Never mind. I also had money worries - Paul was really supportive of me doing the course but it was costing a fortune and I stress about money at the best of times. I started to catastrophise, imagining the worst case scenario, which would be that at the end of the course we would be twelve grand poorer and I wouldn't be able to get a job, or worse, I would decide that I didn't want that sort of a job and then I would feel that I would just have become a liability.
Anyway, it's history now. I didn't do it. I dropped out very early on so it didn't cost any money, in case you are wondering. Now I need to find something else to do instead, because it is becoming increasingly obvious that I need to work, in some capacity. Which is where I have started to go around in circles. Initially I was torn between studying to become a solicitor and training to becoming a teacher. Both are possibilities, if only I can hold my nerve (judging by the Masters course I would need some sort of external support to do that, and I would plan accordingly. I would arrange regular sessions of counselling or similar for the duration of the course. It would take a year of study for me to qualify to become a teacher or to start work in a solicitor's office, because I already have a first degree).
But then, I have also been thinking, perhaps I should do a Masters in creative writing. I can write, I am sure of that. I am a writer already. But a Masters course might help me focus, give me contacts, possibly forge the way to a career in academia if I studied really hard and did really well. Possibly it would just get me writing more regularly and also better than I do now. The good thing is that the funding situation has changed between last year and this and now, for the first time, postgraduates can get government student loans on the same terms as for undergraduates.
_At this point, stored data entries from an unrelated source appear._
(* Let $R$ be a separative regular ring in which $2$ is invertible. Then every $a\in R$ satisfying $Rar(a^2)=\ell(a^2)aR=R(1-a^2)R$ is special clean, i.e., there exists an idempotent $e\in R$ such that $a-e$ is a unit of $R$ and $aR\cap eR=0$.
   Context: All rings are associative with identity; modules are right modules. $R$ is regular if every $x\in R$ satisfies $x=xyx$ for some $y\in R$. $R$ is separative if for all finitely generated projective right $R$-modules $A,B$: $A\oplus A\cong A\oplus B\cong B\oplus B$ implies $A\cong B$. For $x\in R$, $r(x)=\{y\in R: xy=0\}$ and $\ell(x)=\{y\in R: yx=0\}$. $Rar(a^2)$, $\ell(a^2)aR$, $R(1-a^2)R$ denote the two-sided ideals generated by $ar(a^2)=\{ay:y\in r(a^2)\}$, $\ell(a^2)a$, and $1-a^2$ respectively. *)

theory Defs
  imports Main
begin

(* Matrices over R: functions nat => nat => 'a; only entries with row index < rows and
   column index < cols are relevant. *)

definition mat_mul :: "nat \<Rightarrow> (nat \<Rightarrow> nat \<Rightarrow> 'a::ring_1) \<Rightarrow> (nat \<Rightarrow> nat \<Rightarrow> 'a) \<Rightarrow> nat \<Rightarrow> nat \<Rightarrow> 'a"
  where "mat_mul k A B = (\<lambda>i j. \<Sum>l<k. A i l * B l j)"

definition mat_eq :: "nat \<Rightarrow> nat \<Rightarrow> (nat \<Rightarrow> nat \<Rightarrow> 'a) \<Rightarrow> (nat \<Rightarrow> nat \<Rightarrow> 'a) \<Rightarrow> bool"
  where "mat_eq p q A B = (\<forall>i<p. \<forall>j<q. A i j = B i j)"

definition idem_mat :: "nat \<Rightarrow> (nat \<Rightarrow> nat \<Rightarrow> 'a::ring_1) \<Rightarrow> bool"
  where "idem_mat n E = mat_eq n n (mat_mul n E E) E"

(* The f.g. projective right modules E R^n and F R^m are isomorphic:
   there are X (m x n), Y (n x m) with X = F X E, Y = E Y F, Y X = E, X Y = F. *)
definition mat_iso :: "nat \<Rightarrow> (nat \<Rightarrow> nat \<Rightarrow> 'a::ring_1) \<Rightarrow> nat \<Rightarrow> (nat \<Rightarrow> nat \<Rightarrow> 'a) \<Rightarrow> bool"
  where "mat_iso n E m F = (\<exists>X Y.
      mat_eq m n (mat_mul m F (mat_mul n X E)) X \<and>
      mat_eq n m (mat_mul n E (mat_mul m Y F)) Y \<and>
      mat_eq n n (mat_mul m Y X) E \<and>
      mat_eq m m (mat_mul n X Y) F)"

(* block diagonal diag(E,F) with E of size n: corresponds to the direct sum *)
definition block_diag :: "nat \<Rightarrow> (nat \<Rightarrow> nat \<Rightarrow> 'a::zero) \<Rightarrow> (nat \<Rightarrow> nat \<Rightarrow> 'a) \<Rightarrow> nat \<Rightarrow> nat \<Rightarrow> 'a"
  where "block_diag n E F = (\<lambda>i j. if i < n \<and> j < n then E i j
                                  else if n \<le> i \<and> n \<le> j then F (i - n) (j - n) else 0)"

(* Every f.g. projective right R-module is isomorphic to E R^n for an idempotent
   n x n matrix E; direct sums correspond to block diagonal matrices. *)
definition separative :: "'a::ring_1 itself \<Rightarrow> bool"
  where "separative _ = (\<forall>n m (E::nat \<Rightarrow> nat \<Rightarrow> 'a) F.
      idem_mat n E \<and> idem_mat m F \<and>
      mat_iso (n + n) (block_diag n E E) (n + m) (block_diag n E F) \<and>
      mat_iso (n + m) (block_diag n E F) (m + m) (block_diag m F F)
      \<longrightarrow> mat_iso n E m F)"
All postgraduates, up to the age of sixty! That makes me feel positively young. Potentially, that could open all sorts of doors. Too many, maybe, for someone like me who is already feeling overwhelmed by all the possibilities. I could study practically anything!
So what do I do? Try to get a career off the ground? If so, what career? I would like to be a solicitor to prove to the world that I could do it. Plus, I find the law interesting. Plus, I can't help feeling that if I am going to do a job I might as well get well paid for it. And have some respect for it - now, that would be a novelty.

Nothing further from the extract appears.